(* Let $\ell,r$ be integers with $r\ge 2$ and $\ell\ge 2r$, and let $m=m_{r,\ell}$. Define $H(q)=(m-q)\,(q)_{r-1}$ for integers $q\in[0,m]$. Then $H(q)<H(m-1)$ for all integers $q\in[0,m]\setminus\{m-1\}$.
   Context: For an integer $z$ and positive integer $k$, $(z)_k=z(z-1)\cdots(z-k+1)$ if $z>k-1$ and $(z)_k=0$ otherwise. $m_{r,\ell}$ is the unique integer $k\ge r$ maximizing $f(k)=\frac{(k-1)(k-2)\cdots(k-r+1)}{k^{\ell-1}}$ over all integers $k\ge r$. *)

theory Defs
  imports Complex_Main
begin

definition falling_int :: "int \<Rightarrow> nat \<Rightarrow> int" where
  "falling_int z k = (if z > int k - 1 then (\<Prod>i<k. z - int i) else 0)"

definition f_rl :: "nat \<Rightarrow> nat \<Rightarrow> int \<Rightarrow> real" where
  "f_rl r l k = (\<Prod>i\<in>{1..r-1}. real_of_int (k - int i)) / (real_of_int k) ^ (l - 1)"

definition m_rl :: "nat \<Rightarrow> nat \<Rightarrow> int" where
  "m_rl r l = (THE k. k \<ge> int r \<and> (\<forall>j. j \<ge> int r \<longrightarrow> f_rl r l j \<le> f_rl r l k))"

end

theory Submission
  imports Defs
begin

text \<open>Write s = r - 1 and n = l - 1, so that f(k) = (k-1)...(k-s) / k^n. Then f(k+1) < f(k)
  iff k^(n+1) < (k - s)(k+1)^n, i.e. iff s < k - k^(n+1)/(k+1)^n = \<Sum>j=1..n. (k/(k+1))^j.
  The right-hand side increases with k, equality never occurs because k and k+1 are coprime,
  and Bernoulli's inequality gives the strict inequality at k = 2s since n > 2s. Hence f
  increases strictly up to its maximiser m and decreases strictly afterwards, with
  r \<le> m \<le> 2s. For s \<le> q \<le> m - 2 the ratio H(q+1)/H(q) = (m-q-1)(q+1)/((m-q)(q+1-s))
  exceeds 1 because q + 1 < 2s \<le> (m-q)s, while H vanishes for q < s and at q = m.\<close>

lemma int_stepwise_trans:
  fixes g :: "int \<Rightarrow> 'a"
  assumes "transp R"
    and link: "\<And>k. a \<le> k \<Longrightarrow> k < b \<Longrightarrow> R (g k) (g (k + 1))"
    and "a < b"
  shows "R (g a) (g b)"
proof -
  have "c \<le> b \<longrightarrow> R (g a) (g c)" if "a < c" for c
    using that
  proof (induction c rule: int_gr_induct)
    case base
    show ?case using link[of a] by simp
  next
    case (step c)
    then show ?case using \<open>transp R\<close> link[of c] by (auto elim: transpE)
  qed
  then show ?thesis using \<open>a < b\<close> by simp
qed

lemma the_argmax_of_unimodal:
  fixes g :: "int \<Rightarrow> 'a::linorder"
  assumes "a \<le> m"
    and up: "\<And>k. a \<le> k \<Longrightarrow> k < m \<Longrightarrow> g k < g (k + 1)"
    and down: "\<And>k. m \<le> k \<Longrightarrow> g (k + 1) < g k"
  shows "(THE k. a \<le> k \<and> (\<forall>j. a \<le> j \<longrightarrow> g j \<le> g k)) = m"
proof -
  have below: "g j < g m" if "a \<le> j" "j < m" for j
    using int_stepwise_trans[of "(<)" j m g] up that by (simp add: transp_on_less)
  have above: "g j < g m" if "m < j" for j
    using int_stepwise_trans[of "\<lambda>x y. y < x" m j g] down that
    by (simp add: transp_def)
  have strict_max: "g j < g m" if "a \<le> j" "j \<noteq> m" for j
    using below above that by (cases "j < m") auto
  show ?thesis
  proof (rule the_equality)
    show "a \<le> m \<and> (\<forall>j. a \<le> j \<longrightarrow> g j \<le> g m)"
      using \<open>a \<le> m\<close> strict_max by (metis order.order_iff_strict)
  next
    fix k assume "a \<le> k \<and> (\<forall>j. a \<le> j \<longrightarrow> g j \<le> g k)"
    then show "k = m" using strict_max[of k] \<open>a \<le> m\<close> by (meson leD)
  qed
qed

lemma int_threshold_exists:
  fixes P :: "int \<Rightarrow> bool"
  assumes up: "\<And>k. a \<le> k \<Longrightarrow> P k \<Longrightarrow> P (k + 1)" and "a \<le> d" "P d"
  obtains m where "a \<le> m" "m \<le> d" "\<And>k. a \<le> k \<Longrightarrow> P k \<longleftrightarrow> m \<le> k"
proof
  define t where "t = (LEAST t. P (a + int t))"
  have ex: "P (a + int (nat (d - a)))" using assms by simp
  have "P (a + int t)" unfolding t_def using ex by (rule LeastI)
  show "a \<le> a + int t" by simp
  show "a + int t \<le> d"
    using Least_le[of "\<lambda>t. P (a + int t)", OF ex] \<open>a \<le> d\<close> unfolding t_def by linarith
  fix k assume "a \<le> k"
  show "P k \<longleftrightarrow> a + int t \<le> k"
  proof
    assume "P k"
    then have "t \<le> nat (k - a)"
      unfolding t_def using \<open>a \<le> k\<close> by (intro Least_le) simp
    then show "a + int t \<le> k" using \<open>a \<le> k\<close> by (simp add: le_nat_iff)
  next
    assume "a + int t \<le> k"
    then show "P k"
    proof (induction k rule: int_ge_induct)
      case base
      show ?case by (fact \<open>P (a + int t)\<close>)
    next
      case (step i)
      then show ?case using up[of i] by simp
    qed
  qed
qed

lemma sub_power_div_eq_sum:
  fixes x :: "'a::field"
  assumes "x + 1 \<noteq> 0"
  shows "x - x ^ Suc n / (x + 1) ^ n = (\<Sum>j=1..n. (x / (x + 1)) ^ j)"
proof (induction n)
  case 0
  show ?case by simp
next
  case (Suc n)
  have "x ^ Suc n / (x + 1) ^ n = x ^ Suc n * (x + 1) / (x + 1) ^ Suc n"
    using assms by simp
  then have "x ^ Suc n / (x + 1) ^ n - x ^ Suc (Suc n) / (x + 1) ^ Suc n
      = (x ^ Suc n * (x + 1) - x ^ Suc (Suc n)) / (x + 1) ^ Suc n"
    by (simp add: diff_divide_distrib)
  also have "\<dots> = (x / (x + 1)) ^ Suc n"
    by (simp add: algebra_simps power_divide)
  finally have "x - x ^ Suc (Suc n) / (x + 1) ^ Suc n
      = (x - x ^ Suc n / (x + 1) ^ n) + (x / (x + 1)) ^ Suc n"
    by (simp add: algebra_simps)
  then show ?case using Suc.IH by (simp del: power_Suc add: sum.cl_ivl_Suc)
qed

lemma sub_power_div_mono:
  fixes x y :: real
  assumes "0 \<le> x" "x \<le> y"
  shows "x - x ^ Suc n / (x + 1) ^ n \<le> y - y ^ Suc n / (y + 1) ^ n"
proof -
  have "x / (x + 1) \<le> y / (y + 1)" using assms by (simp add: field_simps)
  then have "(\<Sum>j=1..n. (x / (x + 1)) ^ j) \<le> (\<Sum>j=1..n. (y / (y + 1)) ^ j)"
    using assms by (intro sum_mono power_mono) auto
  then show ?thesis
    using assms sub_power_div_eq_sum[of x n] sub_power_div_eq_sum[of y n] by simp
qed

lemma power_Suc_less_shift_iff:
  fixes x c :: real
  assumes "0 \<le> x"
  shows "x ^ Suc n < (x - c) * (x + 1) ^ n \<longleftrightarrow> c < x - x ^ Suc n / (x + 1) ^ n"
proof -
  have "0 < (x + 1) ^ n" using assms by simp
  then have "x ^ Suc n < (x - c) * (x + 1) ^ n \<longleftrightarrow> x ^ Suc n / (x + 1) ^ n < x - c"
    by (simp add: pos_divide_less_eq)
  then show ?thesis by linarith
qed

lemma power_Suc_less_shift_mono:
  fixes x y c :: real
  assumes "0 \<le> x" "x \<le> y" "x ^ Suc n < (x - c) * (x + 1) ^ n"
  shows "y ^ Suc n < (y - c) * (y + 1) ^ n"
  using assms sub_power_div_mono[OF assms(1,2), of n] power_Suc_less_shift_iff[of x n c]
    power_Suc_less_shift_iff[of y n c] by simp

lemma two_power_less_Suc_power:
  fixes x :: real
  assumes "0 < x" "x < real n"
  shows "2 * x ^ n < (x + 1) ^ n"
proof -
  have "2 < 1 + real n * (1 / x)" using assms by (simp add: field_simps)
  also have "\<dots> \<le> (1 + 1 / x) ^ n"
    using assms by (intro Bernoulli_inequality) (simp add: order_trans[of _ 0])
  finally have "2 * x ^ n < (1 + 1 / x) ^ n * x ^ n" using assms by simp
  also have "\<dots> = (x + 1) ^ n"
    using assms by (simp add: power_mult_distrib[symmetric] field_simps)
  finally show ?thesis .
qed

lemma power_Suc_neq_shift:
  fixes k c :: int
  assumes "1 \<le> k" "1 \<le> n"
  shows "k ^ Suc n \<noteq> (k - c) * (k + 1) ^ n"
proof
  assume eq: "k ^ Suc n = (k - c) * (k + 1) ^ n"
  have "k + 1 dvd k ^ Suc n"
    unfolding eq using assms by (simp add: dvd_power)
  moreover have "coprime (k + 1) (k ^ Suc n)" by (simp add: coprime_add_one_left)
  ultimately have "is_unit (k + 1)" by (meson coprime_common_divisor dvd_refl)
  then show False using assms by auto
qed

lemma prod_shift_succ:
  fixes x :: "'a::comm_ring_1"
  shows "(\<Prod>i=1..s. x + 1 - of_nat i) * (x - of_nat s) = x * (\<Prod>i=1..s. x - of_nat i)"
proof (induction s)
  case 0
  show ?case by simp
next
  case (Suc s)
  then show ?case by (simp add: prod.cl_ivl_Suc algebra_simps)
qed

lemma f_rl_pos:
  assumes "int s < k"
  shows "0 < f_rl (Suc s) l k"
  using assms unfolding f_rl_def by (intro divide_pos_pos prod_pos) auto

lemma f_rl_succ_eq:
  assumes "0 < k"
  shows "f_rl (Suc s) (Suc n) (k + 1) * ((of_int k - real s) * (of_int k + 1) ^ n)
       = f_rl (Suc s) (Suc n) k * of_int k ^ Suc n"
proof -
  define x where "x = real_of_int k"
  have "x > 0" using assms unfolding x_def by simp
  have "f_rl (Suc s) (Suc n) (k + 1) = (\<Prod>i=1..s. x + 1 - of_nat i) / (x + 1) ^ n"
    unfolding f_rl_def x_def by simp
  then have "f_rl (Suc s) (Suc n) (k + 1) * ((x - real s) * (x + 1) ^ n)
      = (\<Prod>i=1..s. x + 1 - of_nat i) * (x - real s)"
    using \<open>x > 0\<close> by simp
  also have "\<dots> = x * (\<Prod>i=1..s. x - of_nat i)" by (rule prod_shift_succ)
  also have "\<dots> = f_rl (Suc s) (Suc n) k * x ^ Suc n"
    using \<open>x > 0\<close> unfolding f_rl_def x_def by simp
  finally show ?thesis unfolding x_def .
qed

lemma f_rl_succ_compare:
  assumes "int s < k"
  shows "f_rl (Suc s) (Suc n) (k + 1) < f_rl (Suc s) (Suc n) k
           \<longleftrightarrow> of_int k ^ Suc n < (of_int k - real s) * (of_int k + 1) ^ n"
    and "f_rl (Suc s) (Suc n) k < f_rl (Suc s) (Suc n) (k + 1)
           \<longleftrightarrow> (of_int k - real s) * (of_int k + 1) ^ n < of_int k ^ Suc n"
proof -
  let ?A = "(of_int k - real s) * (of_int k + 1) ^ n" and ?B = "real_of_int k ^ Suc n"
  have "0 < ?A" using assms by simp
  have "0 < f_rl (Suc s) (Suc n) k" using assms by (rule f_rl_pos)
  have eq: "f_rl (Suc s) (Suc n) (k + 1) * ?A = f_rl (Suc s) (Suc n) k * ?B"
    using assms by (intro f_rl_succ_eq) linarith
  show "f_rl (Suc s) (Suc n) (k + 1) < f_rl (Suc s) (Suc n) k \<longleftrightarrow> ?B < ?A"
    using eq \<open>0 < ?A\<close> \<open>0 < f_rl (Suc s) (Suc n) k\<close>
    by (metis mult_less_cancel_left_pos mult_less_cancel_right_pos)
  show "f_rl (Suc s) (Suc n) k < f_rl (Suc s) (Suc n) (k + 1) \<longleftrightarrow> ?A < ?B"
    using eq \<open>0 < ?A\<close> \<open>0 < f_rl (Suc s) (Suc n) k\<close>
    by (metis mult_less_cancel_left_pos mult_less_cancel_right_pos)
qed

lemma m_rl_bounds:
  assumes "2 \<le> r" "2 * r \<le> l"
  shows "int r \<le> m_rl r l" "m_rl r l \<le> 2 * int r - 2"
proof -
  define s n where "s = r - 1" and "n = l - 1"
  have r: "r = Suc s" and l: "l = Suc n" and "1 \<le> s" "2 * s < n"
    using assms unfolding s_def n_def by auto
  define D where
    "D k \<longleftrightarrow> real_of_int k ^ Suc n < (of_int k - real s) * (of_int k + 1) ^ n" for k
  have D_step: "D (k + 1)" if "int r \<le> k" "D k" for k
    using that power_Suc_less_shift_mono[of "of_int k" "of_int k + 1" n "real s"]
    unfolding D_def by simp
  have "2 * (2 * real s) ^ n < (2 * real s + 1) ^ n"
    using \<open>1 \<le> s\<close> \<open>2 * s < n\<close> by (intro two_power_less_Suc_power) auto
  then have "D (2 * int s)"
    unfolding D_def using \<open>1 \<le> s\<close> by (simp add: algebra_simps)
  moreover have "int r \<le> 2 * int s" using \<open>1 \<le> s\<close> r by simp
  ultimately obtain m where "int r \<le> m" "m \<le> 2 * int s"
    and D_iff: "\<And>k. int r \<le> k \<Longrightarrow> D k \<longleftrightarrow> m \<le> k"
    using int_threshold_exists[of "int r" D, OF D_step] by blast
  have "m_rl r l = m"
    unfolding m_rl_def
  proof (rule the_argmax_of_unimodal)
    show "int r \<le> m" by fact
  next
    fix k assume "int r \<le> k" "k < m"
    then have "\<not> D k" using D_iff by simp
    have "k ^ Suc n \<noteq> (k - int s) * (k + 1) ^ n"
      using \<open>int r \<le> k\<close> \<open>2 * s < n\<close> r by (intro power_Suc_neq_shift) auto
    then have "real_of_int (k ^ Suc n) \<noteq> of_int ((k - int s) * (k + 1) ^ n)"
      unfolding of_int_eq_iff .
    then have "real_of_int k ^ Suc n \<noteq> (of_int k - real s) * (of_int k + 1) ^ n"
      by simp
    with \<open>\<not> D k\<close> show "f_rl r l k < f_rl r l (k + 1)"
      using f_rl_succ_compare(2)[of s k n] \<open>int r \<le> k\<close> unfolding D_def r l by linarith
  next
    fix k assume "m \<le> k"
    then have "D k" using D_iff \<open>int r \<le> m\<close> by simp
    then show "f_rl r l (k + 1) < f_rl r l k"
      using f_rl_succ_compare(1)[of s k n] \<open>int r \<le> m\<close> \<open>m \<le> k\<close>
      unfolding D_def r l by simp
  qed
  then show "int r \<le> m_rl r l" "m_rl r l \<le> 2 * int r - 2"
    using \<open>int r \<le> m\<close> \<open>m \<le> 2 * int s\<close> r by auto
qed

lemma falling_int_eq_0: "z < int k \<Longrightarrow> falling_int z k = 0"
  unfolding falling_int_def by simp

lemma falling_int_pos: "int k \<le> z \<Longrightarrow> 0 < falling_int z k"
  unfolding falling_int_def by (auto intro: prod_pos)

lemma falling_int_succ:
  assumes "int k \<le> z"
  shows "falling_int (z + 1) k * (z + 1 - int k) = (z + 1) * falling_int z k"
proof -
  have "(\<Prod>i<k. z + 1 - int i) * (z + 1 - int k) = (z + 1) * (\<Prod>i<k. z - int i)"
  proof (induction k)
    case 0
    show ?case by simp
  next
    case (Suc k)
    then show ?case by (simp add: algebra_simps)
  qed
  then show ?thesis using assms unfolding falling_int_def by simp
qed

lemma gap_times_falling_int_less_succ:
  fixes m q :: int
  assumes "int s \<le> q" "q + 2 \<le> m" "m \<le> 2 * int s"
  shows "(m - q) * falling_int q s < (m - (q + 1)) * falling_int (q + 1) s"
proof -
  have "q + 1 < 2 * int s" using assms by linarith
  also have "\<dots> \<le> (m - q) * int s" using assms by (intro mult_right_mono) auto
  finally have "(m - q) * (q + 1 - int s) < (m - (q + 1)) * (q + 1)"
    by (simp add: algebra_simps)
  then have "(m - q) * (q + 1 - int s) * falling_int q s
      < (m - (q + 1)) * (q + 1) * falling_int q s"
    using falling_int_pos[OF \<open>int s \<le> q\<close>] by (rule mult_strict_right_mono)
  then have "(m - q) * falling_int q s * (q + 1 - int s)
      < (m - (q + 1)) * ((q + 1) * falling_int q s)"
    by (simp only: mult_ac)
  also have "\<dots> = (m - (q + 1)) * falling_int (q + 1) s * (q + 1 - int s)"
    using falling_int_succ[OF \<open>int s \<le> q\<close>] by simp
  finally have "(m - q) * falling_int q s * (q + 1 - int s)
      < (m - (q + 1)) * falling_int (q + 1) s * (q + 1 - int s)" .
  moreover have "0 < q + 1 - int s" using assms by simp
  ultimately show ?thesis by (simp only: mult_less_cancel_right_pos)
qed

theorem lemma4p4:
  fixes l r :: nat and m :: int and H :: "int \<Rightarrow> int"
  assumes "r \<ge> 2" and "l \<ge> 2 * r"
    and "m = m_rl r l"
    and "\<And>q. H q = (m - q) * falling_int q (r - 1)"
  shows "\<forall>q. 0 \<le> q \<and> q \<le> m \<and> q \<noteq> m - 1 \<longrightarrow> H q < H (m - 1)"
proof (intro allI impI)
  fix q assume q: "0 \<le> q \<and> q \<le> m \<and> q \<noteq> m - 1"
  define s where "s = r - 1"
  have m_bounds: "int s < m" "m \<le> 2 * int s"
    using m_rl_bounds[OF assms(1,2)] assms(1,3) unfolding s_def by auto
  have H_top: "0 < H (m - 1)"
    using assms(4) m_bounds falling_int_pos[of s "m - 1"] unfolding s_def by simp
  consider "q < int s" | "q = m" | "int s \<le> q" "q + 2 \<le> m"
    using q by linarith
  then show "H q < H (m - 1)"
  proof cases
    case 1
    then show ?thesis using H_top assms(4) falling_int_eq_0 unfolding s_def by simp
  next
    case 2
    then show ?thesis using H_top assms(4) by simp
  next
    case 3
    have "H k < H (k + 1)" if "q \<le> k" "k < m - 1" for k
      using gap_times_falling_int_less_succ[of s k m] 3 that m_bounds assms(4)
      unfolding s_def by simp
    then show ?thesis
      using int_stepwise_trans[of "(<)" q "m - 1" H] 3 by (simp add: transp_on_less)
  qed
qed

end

- - - - - - -

> _WHAT TO PRODUCE_: Starting from the line that contains "then show ?thesis using H_top assms(4) falling_int_eq_0", reproduce each line of the data exactly through the last one.

> _WRITTEN RESPONSE_:
    then show ?thesis using H_top assms(4) falling_int_eq_0 unfolding s_def by simp
  next
    case 2
    then show ?thesis using H_top assms(4) by simp
  next
    case 3
    have "H k < H (k + 1)" if "q \<le> k" "k < m - 1" for k
      using gap_times_falling_int_less_succ[of s k m] 3 that m_bounds assms(4)
      unfolding s_def by simp
    then show ?thesis
      using int_stepwise_trans[of "(<)" q "m - 1" H] 3 by (simp add: transp_on_less)
  qed
qed

end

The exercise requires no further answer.